● WORK INSTRUCTIONS:
Every line from the one containing "using \<open>0 < L\<close> by simp" to the one containing "v \<longleftrightarrow> subgaussian" in the records below, both included, must be set down exactly, and no other line.
*** MATERIAL SHOWN Section Begins ***
lemma dform2_eq_0: "dform2 \<sigma> x y z = 0"
  by (simp add: dform2_def form2_app_def cbr_eb_eb)

lemma dbar0_eq: "dbar0 v = (\<chi> i. if i = (I3, I1) then - v$I2 else 0)"
  unfolding dbar0_def vec_eq_iff cbr_eb_vec10
  by (auto simp: all_i3_eq omega_e omega_eb kron_def)

lemma dbar1_eq:
  "dbar1 \<mu> = (\<lambda>a c d. if a = I3 then \<mu>$(I2,c) * kron d I1 - \<mu>$(I2,d) * kron c I1 else 0)"
  unfolding fun_eq_iff all_i3_eq by (simp add: dbar1_def Dbe_eq dform1_eq_0 sum_UNIV_i3 kron_def)

lemma sum_wedge21_basis:
  "(\<Sum>b\<in>UNIV. \<Sum>c\<in>UNIV. F b c * wedge21 (\<lambda>p q. kron b p * kron c q - kron b q * kron c p) \<tau> x y z)
     = (F x y - F y x) * \<tau> z - (F x z - F z x) * \<tau> y + (F y z - F z y) * \<tau> x"
  by (cases x; cases y; cases z; simp add: wedge21_def sum_UNIV_i3 kron_def algebra_simps)

lemma dbar2_eq:
  "dbar2 \<psi> a x y z = (if a = I3 then - (1/2) * ((\<psi> I2 x y - \<psi> I2 y x) * kron z I1
     - (\<psi> I2 x z - \<psi> I2 z x) * kron y I1 + (\<psi> I2 y z - \<psi> I2 z y) * kron x I1) else 0)"
  (is "_ = ?rhs")
proof -
  have "dbar2 \<psi> a x y z = (\<Sum>a'\<in>UNIV.
      (1/2 * \<psi> a' x y - 1/2 * \<psi> a' y x) * Dbe a' a z - (1/2 * \<psi> a' x z - 1/2 * \<psi> a' z x) * Dbe a' a y
      + (1/2 * \<psi> a' y z - 1/2 * \<psi> a' z y) * Dbe a' a x)"
    unfolding dbar2_def dform2_eq_0 mult_zero_left add_0_left sum_wedge21_basis ..
  also have "\<dots> = ?rhs"
    by (simp add: Dbe_eq sum_UNIV_i3 kron_def field_simps)
  finally show ?thesis .
qed
lemma subspace_conj_snd: "subspace conj_snd"
  unfolding subspace_def conj_snd_def
proof (intro conjI ballI allI)
  show "0 \<in> (\<lambda>v. tau (snd v)) ` L"
    using L_zero tau_zero by force
  fix c x y assume x: "x \<in> (\<lambda>v. tau (snd v)) ` L" and y: "y \<in> (\<lambda>v. tau (snd v)) ` L"
  show "x + y \<in> (\<lambda>v. tau (snd v)) ` L"
  proof -
    obtain v w where "v \<in> L" "x = tau (snd v)" "w \<in> L" "y = tau (snd w)"
      using x y by blast
    then have "x + y = tau (snd (v + w))" and "v + w \<in> L"
      by (simp_all add: tau_add L_add)
    then show ?thesis by blast
  qed
  show "smul c x \<in> (\<lambda>v. tau (snd v)) ` L"
  proof -
    obtain v where "v \<in> L" "x = tau (snd v)"
      using x by blast
    then have "smul c x = tau (snd (pscale smul (cnj c) v))" and "pscale smul (cnj c) v \<in> L"
      by (simp_all add: pscale_def tau_smul L_pscale[unfolded pscale_def])
    then show ?thesis by blast
  qed
qed

lemma orthogonal_conj_snd_in_L:
  assumes "\<forall>y\<in>conj_snd. ip z y = 0"
  shows "(z, 0) \<in> L"
  using assms unfolding L_iff_omega_orth conj_snd_def by (simp add: omega_def bform_def)

end

locale nonneg_lagrangian = lagrangian_subspace smul ip tau L
  for smul :: "complex \<Rightarrow> 'h::ab_group_add \<Rightarrow> 'h" and ip tau L +
  assumes nonneg: "\<forall>v\<in>L. Re (hform ip v v) \<ge> 0"
begin
(* Let $(X,d)$ be a complete separable metric space and $(\xi_k)_{k=1}^n$ a stochastic process with state space $X$, initial law $P^{(1)}$ and conditional laws $p_k(\cdot\mid x^{(k-1)})$. Suppose there exist $\kappa_1>0$, $M>0$ and $0\le\rho_j\le M$ ($j=1,\dots,n$) such that: (i) $P^{(1)}$ and $p_k(\cdot\mid x^{(k-1)})$ ($k=2,\dots,n$, $x^{(k-1)}\in X^{k-1}$) satisfy $GC(\kappa_1)$ on $(X,d)$; (ii) for $k=2,\dots,n$ and all $x^{(k-1)},y^{(k-1)}$: $W_1\bigl(p_k(\cdot\mid x^{(k-1)}),p_k(\cdot\mid y^{(k-1)})\bigr)\le\sum_{j=1}^{k-1}\rho_{k-j}\,d(x_j,y_j)$. Then $P^{(n)}$ satisfies $GC(\kappa_n)$ on $(X^n,d^{(1)})$ with $\kappa_n=\kappa_1(1+M)^{2n}/M^2$. If moreover (iii) $\sum_{j=1}^n\rho_j\le R$, then $P^{(n)}$ satisfies $GC(\kappa_n(R))$ on $(X^n,d^{(1)})$ with $$\kappa_n(R)=\kappa_1\sum_{m=1}^n\Bigl(\sum_{k=0}^{m-1}R^k\Bigr)^2.$$
   Context: $GC(\kappa)$ for $\mu$ on a metric space $(Y,\delta)$: $\int e^{tF}d\mu\le\exp(t\int Fd\mu+\kappa t^2/2)$ for all $t\in\mathbb R$ and all $1$-Lipschitz $F:(Y,\delta)\to\mathbb R$. $W_1(\mu,\nu)=\inf_\pi\iint d(x,y)\pi(dx\,dy)$ over couplings. $d^{(1)}(x^{(n)},y^{(n)})=\sum_{j=1}^nd(x_j,y_j)$. Joint law $P^{(n)}(dx^{(n)})=p_n(dx_n\mid x^{(n-1)})\cdots p_2(dx_2\mid x_1)P^{(1)}(dx_1)$. *)

theory Defs
  imports "HOL-Probability.Probability"
begin

definition GC :: "real \<Rightarrow> 'b measure \<Rightarrow> ('b \<Rightarrow> 'b \<Rightarrow> real) \<Rightarrow> bool" where
  "GC \<kappa> \<mu> \<delta> \<longleftrightarrow>
     (\<forall>F. F \<in> borel_measurable \<mu> \<and> (\<forall>x\<in>space \<mu>. \<forall>y\<in>space \<mu>. \<bar>F x - F y\<bar> \<le> \<delta> x y) \<longrightarrow>
        integrable \<mu> F \<and>
        (\<forall>t::real. (\<integral>\<^sup>+ x. ennreal (exp (t * F x)) \<partial>\<mu>)
                     \<le> ennreal (exp (t * (\<integral>x. F x \<partial>\<mu>) + \<kappa> * t\<^sup>2 / 2))))"

definition couplings :: "'a::metric_space measure \<Rightarrow> 'a measure \<Rightarrow> ('a \<times> 'a) measure set" where
  "couplings \<mu> \<nu> = {\<pi>. sets \<pi> = sets borel \<and> prob_space \<pi> \<and>
                        distr \<pi> borel fst = \<mu> \<and> distr \<pi> borel snd = \<nu>}"

definition W1 :: "'a::metric_space measure \<Rightarrow> 'a measure \<Rightarrow> ennreal" where
  "W1 \<mu> \<nu> = (INF \<pi> \<in> couplings \<mu> \<nu>. \<integral>\<^sup>+ z. ennreal (dist (fst z) (snd z)) \<partial>\<pi>)"

text \<open>Points of X^k are functions on the index set {1..k} (extensional);
  the product space carries the product sigma-algebra.\<close>
abbreviation Xpow :: "nat \<Rightarrow> (nat \<Rightarrow> 'a::topological_space) measure" where
  "Xpow k \<equiv> PiM {1..k} (\<lambda>_. borel)"

definition d1 :: "nat \<Rightarrow> (nat \<Rightarrow> 'a::metric_space) \<Rightarrow> (nat \<Rightarrow> 'a) \<Rightarrow> real" where
  "d1 n x y = (\<Sum>j=1..n. dist (x j) (y j))"

text \<open>Joint law P^(n)(dx^(n)) = p_n(dx_n | x^(n-1)) ... p_2(dx_2 | x_1) P^(1)(dx_1).
  p k x is the conditional law of the k-th coordinate given x = x^(k-1).\<close>
fun joint :: "'a::topological_space measure \<Rightarrow> (nat \<Rightarrow> (nat \<Rightarrow> 'a) \<Rightarrow> 'a measure) \<Rightarrow> nat
                \<Rightarrow> (nat \<Rightarrow> 'a) measure" where
  "joint P1 p 0 = Xpow 0"
| "joint P1 p (Suc 0) = distr P1 (Xpow (Suc 0)) (\<lambda>a. \<lambda>i\<in>{1..Suc 0}. a)"
| "joint P1 p (Suc (Suc k)) =
     joint P1 p (Suc k) \<bind>
       (\<lambda>x. distr (p (Suc (Suc k)) x) (Xpow (Suc (Suc k))) (\<lambda>a. x(Suc (Suc k) := a)))"

end

theory Submission
  imports Defs
begin

(* Integrate out the coordinates one at a time, starting with the last one.  If F is
   Lipschitz for the weighted distance sum_j a_j d(x_j, y_j), then given x^(m-1) the section
   z |-> F(x^(m-1), z) is a_m-Lipschitz, so GC(kappa_1) of p_m bounds its conditional
   exponential moments by exp(kappa_1 a_m^2 t^2 / 2).  The conditional mean of F is again
   weighted-Lipschitz: coupling p_m(. | x^(m-1)) with p_m(. | y^(m-1)) and using (ii) moves the
   weight a_m rho_(m-j) onto coordinate j.  By the tower property the variance proxies add up,
   so P^(n) is sub-Gaussian with variance proxy kappa_1 * chain_variance rho n a for every F
   that is Lipschitz with weights a.  Starting from unit weights, each step multiplies the
   weights by at most 1 + M, and under (iii) the weight of the k-th coordinate from the end
   stays below sum_(i<k) R^i. *)

section \<open>Sub-Gaussian functions\<close>

definition subgaussian :: "'b measure \<Rightarrow> ('b \<Rightarrow> real) \<Rightarrow> real \<Rightarrow> bool" where
  "subgaussian \<mu> F v \<longleftrightarrow> integrable \<mu> F \<and>
     (\<forall>t. (\<integral>\<^sup>+x. ennreal (exp (t * F x)) \<partial>\<mu>) \<le> ennreal (exp (t * (\<integral>x. F x \<partial>\<mu>) + v * t\<^sup>2 / 2)))"

lemma GC_iff_subgaussian:
  "GC \<kappa> \<mu> \<delta> \<longleftrightarrow> (\<forall>F. F \<in> borel_measurable \<mu> \<longrightarrow>
     (\<forall>x\<in>space \<mu>. \<forall>y\<in>space \<mu>. \<bar>F x - F y\<bar> \<le> \<delta> x y) \<longrightarrow> subgaussian \<mu> F \<kappa>)"
  by (auto simp: GC_def subgaussian_def)

lemma subgaussian_mono:
  assumes "subgaussian \<mu> F v" and "v \<le> w"
  shows "subgaussian \<mu> F w"
proof -
  have "exp (t * (\<integral>x. F x \<partial>\<mu>) + v * t\<^sup>2 / 2) \<le> exp (t * (\<integral>x. F x \<partial>\<mu>) + w * t\<^sup>2 / 2)" for t
    using assms(2) by (simp add: mult_right_mono)
  then show ?thesis
    using assms(1) unfolding subgaussian_def by (meson ennreal_leI order_trans)
qed

lemma subgaussian_const:
  assumes "prob_space \<mu>" and "\<And>x. x \<in> space \<mu> \<Longrightarrow> F x = c"
  shows "subgaussian \<mu> F 0"
proof -
  interpret prob_space \<mu> by fact
  have "integrable \<mu> F \<longleftrightarrow> integrable \<mu> (\<lambda>_. c)"
    by (rule Bochner_Integration.integrable_cong) (simp_all add: assms(2))
  moreover have "(\<integral>x. F x \<partial>\<mu>) = c"
    using Bochner_Integration.integral_cong[of \<mu> \<mu> F "\<lambda>_. c"] assms(2) by (simp add: prob_space)
  moreover have "(\<integral>\<^sup>+x. ennreal (exp (t * F x)) \<partial>\<mu>) = ennreal (exp (t * c))" for t
    using nn_integral_cong[of \<mu> "\<lambda>x. ennreal (exp (t * F x))" "\<lambda>_. ennreal (exp (t * c))"] assms(2)
    by (simp add: emeasure_space_1)
  ultimately show ?thesis
    unfolding subgaussian_def by simp
qed

lemma subgaussian_cmult:
  assumes "subgaussian \<mu> F v"
  shows "subgaussian \<mu> (\<lambda>x. c * F x) (c\<^sup>2 * v)"
  unfolding subgaussian_def
proof (intro conjI allI)
  show "integrable \<mu> (\<lambda>x. c * F x)"
    using assms unfolding subgaussian_def by simp
  fix t
  have "(\<integral>\<^sup>+x. ennreal (exp (t * (c * F x))) \<partial>\<mu>) = (\<integral>\<^sup>+x. ennreal (exp ((t * c) * F x)) \<partial>\<mu>)"
    by (simp add: mult.assoc)
  also have "\<dots> \<le> ennreal (exp ((t * c) * (\<integral>x. F x \<partial>\<mu>) + v * (t * c)\<^sup>2 / 2))"
    using assms unfolding subgaussian_def by blast
  also have "(t * c) * (\<integral>x. F x \<partial>\<mu>) + v * (t * c)\<^sup>2 / 2 = t * (\<integral>x. c * F x \<partial>\<mu>) + c\<^sup>2 * v * t\<^sup>2 / 2"
    by (simp only: integral_mult_right_zero power_mult_distrib mult_ac)
  finally show "(\<integral>\<^sup>+x. ennreal (exp (t * (c * F x))) \<partial>\<mu>) \<le> ennreal (exp (t * (\<integral>x. c * F x \<partial>\<mu>) + c\<^sup>2 * v * t\<^sup>2 / 2))" .
qed

lemma subgaussian_lipschitz_if_GC:
  fixes \<mu> :: "'a::metric_space measure"
  assumes GC: "GC \<kappa> \<mu> dist" and "prob_space \<mu>" and f: "f \<in> borel_measurable \<mu>" and "0 \<le> L"
    and lip: "\<And>x y. x \<in> space \<mu> \<Longrightarrow> y \<in> space \<mu> \<Longrightarrow> \<bar>f x - f y\<bar> \<le> L * dist x y"
  shows "subgaussian \<mu> f (L\<^sup>2 * \<kappa>)"
proof (cases "L = 0")
  case True
  obtain x0 where "x0 \<in> space \<mu>"
    using prob_space.not_empty[OF \<open>prob_space \<mu>\<close>] by blast
  have "f x = f x0" if "x \<in> space \<mu>" for x
    using lip[OF that \<open>x0 \<in> space \<mu>\<close>] True by simp
  then have "subgaussian \<mu> f 0"
    using \<open>prob_space \<mu>\<close> by (rule subgaussian_const[rotated])
  with True show ?thesis
    by simp
next
  case False
  then have "0 < L" using \<open>0 \<le> L\<close> by simp
  have "\<bar>f x / L - f y / L\<bar> \<le> dist x y" if "x \<in> space \<mu>" "y \<in> space \<mu>" for x y
  proof -
    have "\<bar>f x / L - f y / L\<bar> = \<bar>f x - f y\<bar> / L"
      using \<open>0 < L\<close> by (simp add: diff_divide_distrib[symmetric] abs_divide)
    also have "\<dots> \<le> dist x y"
      unfolding pos_divide_le_eq[OF \<open>0 < L\<close>] using lip[OF that] by (metis mult.commute)
    finally show ?thesis .
  qed
  with GC f have "subgaussian \<mu> (\<lambda>x. f x / L) \<kappa>"
    unfolding GC_iff_subgaussian by simp
  from subgaussian_cmult[OF this, of L] show ?thesis
    using \<open>0 < L\<close> by simp
qed

lemma subgaussian_distr:
  assumes T: "T \<in> N \<rightarrow>\<^sub>M M" and F: "F \<in> borel_measurable M"
  shows "subgaussian (distr N M T) F v \<longleftrightarrow> subgaussian N (\<lambda>x. F (T x)) v"
  using F by (simp add: subgaussian_def integrable_distr_eq[OF T F] integral_distr[OF T F]
      nn_integral_distr[OF T])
*** MATERIAL SHOWN Section Ends ***
● ANSWER FOR THIS EXERCISE:
    using \<open>0 < L\<close> by simp
qed

lemma subgaussian_distr:
  assumes T: "T \<in> N \<rightarrow>\<^sub>M M" and F: "F \<in> borel_measurable M"
  shows "subgaussian (distr N M T) F v \<longleftrightarrow> subgaussian N (\<lambda>x. F (T x)) v"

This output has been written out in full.